• What you will do
Using the lines below, work out the count of those that hold "induction". Give the number only.
Task material: Begin
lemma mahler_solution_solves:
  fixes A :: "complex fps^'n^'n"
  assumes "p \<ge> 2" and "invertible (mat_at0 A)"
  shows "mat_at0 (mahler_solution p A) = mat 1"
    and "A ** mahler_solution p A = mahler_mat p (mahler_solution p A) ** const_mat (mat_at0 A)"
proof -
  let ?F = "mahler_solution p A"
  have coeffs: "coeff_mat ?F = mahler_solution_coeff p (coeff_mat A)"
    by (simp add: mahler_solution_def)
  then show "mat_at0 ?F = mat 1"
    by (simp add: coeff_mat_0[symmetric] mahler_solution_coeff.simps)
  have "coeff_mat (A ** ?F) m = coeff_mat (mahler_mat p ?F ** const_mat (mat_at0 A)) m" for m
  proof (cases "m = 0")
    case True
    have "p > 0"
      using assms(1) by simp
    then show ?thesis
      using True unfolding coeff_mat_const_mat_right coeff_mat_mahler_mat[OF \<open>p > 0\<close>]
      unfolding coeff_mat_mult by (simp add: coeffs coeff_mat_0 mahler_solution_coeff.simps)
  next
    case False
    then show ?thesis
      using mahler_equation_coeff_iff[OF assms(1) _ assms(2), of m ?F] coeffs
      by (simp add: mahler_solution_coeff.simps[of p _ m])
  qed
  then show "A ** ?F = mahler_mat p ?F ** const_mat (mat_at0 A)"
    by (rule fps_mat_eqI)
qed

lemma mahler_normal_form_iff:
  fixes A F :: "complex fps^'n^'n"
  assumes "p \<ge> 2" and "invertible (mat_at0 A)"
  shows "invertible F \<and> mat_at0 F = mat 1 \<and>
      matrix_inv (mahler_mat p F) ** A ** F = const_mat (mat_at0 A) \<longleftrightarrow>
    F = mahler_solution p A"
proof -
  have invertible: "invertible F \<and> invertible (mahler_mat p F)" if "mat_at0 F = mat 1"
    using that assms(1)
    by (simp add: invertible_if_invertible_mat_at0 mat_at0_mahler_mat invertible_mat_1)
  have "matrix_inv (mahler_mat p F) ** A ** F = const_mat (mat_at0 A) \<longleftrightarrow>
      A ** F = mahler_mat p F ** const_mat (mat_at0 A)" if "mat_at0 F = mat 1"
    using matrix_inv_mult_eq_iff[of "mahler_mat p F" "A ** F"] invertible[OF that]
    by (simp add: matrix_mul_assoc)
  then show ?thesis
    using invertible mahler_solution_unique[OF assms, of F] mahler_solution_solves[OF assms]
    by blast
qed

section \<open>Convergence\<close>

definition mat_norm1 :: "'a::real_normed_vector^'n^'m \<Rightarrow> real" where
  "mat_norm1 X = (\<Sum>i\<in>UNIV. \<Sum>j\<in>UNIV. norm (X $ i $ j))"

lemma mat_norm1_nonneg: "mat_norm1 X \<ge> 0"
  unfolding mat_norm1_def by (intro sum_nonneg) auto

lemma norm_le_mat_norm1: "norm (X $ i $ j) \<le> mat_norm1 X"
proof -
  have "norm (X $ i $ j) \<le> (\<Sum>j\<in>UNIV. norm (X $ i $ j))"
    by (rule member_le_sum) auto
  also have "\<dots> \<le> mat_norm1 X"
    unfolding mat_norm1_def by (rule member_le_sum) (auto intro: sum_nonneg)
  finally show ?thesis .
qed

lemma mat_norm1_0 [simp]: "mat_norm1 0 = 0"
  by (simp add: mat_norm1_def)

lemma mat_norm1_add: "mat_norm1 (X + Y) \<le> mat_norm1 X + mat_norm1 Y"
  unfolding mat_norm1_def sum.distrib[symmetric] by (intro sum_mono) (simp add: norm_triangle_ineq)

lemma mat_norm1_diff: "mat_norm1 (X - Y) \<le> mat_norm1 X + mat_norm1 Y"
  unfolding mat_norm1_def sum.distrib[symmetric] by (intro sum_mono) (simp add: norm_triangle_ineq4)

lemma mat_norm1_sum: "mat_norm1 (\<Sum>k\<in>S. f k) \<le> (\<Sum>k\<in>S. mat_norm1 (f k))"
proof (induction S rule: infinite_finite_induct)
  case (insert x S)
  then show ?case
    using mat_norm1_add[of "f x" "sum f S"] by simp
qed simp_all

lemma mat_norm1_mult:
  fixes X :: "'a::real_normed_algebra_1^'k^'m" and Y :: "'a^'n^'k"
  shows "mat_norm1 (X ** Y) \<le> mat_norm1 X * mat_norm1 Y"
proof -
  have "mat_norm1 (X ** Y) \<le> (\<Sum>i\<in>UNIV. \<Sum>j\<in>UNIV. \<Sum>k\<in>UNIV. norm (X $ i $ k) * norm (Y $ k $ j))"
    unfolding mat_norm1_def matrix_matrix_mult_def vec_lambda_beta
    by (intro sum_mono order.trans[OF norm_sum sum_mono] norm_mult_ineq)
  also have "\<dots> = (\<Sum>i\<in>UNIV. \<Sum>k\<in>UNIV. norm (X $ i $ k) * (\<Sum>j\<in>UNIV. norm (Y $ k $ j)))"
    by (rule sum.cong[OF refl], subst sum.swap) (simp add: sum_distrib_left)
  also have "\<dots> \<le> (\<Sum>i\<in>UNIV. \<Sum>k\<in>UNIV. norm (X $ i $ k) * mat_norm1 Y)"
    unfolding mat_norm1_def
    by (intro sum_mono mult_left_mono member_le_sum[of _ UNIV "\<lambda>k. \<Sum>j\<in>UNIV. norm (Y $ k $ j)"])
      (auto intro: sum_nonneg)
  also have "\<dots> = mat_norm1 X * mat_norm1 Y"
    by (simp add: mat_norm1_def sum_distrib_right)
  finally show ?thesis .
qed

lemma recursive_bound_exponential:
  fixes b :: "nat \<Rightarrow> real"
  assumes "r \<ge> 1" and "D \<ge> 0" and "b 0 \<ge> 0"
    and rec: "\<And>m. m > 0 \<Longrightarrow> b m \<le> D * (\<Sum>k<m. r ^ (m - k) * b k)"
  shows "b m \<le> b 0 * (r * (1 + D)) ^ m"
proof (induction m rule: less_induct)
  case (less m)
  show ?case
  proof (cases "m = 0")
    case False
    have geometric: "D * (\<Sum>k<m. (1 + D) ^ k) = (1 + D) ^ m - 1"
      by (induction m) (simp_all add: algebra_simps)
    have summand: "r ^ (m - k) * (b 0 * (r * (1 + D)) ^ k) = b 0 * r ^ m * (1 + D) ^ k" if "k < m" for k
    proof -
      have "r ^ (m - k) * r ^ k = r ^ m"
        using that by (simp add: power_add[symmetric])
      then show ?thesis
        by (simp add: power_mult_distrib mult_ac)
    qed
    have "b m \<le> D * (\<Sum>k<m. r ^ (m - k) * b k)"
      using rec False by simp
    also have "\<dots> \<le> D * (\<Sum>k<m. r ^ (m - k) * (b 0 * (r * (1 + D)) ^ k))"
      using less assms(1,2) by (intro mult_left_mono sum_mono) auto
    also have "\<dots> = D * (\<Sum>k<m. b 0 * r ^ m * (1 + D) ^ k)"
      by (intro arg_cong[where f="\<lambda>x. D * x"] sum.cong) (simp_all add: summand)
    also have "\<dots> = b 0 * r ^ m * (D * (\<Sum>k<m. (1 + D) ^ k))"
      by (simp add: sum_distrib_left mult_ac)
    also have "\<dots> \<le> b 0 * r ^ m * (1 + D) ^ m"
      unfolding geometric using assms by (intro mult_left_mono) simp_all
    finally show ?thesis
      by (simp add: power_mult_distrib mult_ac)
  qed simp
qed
Task material: End
Task material: Begin
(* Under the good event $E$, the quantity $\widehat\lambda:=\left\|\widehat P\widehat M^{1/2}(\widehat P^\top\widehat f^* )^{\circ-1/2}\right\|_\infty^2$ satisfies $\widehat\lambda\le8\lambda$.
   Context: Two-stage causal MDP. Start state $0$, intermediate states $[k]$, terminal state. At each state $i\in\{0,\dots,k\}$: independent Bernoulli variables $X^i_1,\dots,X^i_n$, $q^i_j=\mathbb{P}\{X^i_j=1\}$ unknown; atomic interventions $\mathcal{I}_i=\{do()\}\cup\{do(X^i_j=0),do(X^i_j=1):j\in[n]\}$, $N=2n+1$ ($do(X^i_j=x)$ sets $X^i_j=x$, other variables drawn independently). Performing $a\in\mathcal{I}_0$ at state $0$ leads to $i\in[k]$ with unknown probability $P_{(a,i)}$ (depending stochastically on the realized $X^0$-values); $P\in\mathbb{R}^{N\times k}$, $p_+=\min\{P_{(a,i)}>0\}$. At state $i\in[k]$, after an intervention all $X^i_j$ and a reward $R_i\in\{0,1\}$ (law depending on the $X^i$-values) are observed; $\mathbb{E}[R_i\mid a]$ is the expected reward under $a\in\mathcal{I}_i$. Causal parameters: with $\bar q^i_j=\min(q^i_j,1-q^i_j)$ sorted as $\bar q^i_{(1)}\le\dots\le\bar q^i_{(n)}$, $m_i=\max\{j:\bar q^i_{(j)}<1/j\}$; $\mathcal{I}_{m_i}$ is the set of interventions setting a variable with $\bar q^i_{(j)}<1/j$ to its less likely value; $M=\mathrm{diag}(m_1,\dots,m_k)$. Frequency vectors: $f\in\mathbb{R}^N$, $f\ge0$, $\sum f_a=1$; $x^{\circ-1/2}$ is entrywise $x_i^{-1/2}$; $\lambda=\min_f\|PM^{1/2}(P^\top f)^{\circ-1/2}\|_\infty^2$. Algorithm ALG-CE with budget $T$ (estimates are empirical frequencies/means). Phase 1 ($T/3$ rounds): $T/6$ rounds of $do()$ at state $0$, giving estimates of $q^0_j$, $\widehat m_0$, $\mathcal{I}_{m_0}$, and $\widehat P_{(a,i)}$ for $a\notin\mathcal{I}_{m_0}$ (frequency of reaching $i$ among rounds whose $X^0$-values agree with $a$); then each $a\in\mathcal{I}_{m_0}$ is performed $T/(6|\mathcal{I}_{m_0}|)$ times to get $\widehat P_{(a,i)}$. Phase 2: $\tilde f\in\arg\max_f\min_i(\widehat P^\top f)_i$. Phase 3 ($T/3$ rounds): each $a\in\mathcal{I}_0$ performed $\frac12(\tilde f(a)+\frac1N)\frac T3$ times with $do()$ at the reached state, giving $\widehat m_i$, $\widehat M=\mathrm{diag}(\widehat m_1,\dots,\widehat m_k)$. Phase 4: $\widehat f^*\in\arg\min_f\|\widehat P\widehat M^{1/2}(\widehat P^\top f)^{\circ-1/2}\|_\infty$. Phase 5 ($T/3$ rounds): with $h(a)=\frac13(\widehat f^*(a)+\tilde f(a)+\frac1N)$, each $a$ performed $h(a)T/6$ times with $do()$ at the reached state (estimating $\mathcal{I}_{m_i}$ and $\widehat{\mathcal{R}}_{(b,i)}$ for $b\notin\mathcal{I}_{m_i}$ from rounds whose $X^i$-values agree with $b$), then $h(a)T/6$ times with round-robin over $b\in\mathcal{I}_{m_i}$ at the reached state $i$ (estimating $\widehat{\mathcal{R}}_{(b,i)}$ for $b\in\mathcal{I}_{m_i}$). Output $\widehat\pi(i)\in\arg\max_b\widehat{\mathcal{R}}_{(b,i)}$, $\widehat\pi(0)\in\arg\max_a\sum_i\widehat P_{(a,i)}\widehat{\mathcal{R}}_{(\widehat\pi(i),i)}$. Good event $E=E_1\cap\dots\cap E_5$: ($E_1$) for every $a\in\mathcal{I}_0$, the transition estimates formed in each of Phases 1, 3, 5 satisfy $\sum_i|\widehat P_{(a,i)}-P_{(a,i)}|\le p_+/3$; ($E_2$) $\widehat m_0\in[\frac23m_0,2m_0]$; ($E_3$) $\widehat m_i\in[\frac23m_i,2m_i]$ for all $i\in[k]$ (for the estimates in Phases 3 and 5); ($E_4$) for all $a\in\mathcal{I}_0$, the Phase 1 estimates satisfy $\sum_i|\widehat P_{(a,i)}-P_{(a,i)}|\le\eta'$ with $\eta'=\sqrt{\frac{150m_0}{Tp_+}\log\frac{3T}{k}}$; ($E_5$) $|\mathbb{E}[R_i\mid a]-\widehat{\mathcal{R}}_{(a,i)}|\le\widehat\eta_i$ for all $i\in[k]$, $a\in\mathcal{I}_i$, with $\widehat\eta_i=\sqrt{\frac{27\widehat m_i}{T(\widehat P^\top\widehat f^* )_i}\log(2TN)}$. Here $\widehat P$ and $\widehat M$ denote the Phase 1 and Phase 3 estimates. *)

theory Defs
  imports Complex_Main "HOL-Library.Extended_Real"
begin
Task material: End
Task material: Begin
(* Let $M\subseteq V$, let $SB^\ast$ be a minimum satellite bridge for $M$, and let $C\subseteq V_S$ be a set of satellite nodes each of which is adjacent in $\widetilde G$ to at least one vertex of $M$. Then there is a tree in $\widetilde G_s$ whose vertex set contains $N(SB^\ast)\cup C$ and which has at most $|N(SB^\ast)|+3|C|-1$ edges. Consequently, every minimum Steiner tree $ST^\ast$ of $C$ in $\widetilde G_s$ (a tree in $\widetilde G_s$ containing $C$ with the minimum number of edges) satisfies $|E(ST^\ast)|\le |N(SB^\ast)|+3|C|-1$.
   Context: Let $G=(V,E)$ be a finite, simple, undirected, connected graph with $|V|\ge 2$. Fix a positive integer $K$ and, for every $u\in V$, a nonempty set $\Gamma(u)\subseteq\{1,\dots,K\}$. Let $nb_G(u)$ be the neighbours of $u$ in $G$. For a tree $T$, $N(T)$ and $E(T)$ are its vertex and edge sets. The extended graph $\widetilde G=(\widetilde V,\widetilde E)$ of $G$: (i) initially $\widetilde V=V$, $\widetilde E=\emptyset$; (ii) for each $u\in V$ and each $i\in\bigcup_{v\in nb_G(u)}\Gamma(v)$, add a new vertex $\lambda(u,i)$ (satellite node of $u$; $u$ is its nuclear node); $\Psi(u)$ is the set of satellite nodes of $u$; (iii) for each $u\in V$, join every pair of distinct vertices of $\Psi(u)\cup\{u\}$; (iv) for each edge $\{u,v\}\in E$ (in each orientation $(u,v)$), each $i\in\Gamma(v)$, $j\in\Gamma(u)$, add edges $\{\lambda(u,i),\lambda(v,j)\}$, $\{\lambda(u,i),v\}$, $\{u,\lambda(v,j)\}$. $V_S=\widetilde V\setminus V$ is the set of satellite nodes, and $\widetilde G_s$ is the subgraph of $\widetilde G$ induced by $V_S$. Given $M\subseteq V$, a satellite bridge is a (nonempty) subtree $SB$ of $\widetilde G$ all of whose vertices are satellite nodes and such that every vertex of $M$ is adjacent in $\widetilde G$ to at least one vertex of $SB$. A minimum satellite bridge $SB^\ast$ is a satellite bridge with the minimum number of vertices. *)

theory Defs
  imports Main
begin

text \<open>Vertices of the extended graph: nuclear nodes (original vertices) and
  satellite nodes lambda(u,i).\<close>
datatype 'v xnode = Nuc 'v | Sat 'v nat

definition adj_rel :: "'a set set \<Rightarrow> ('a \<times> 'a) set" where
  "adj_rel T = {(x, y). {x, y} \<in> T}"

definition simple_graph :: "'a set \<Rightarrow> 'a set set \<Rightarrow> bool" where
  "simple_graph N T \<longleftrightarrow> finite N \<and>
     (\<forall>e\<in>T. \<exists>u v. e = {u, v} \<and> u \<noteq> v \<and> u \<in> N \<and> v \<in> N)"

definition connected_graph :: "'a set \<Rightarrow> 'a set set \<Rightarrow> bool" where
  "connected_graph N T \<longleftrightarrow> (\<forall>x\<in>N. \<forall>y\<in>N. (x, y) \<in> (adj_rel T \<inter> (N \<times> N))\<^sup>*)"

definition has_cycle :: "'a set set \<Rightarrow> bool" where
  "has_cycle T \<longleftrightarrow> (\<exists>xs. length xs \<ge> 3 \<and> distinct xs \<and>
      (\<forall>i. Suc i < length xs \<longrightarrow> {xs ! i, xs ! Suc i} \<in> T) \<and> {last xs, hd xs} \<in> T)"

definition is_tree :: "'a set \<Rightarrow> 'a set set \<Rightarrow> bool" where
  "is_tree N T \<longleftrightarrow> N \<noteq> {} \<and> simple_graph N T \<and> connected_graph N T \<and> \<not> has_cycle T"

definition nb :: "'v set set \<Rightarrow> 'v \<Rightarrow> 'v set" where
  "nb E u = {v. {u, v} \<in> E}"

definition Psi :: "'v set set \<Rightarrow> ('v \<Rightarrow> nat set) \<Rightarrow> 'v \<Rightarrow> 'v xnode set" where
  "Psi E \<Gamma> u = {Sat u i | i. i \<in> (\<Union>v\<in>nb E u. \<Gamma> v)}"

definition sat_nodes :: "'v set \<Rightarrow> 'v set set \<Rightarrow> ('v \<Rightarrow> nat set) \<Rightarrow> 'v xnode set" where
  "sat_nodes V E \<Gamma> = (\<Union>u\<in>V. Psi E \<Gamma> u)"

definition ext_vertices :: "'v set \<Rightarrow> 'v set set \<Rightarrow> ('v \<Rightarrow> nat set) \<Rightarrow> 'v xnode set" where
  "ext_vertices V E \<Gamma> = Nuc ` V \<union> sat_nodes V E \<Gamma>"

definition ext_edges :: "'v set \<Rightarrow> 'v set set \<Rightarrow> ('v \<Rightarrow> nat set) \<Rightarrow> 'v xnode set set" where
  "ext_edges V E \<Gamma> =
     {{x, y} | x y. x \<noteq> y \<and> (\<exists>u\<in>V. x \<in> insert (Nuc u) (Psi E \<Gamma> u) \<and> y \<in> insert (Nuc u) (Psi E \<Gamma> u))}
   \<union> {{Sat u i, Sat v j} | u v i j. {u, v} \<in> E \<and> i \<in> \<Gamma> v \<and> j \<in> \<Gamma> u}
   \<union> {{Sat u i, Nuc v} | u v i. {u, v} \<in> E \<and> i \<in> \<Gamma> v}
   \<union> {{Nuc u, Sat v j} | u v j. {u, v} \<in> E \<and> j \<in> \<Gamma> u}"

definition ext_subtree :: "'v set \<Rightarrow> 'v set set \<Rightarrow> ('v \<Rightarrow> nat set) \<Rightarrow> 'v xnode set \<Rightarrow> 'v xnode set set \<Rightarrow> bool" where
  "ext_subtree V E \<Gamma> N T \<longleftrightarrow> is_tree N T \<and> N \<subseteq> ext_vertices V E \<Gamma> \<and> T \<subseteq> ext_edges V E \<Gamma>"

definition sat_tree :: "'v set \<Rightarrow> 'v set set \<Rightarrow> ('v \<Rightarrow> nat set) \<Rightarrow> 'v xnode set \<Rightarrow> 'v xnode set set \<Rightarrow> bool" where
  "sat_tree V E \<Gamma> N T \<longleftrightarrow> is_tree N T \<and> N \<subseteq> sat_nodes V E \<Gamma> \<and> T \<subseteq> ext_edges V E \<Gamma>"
Task material: End
• Exercise solution
3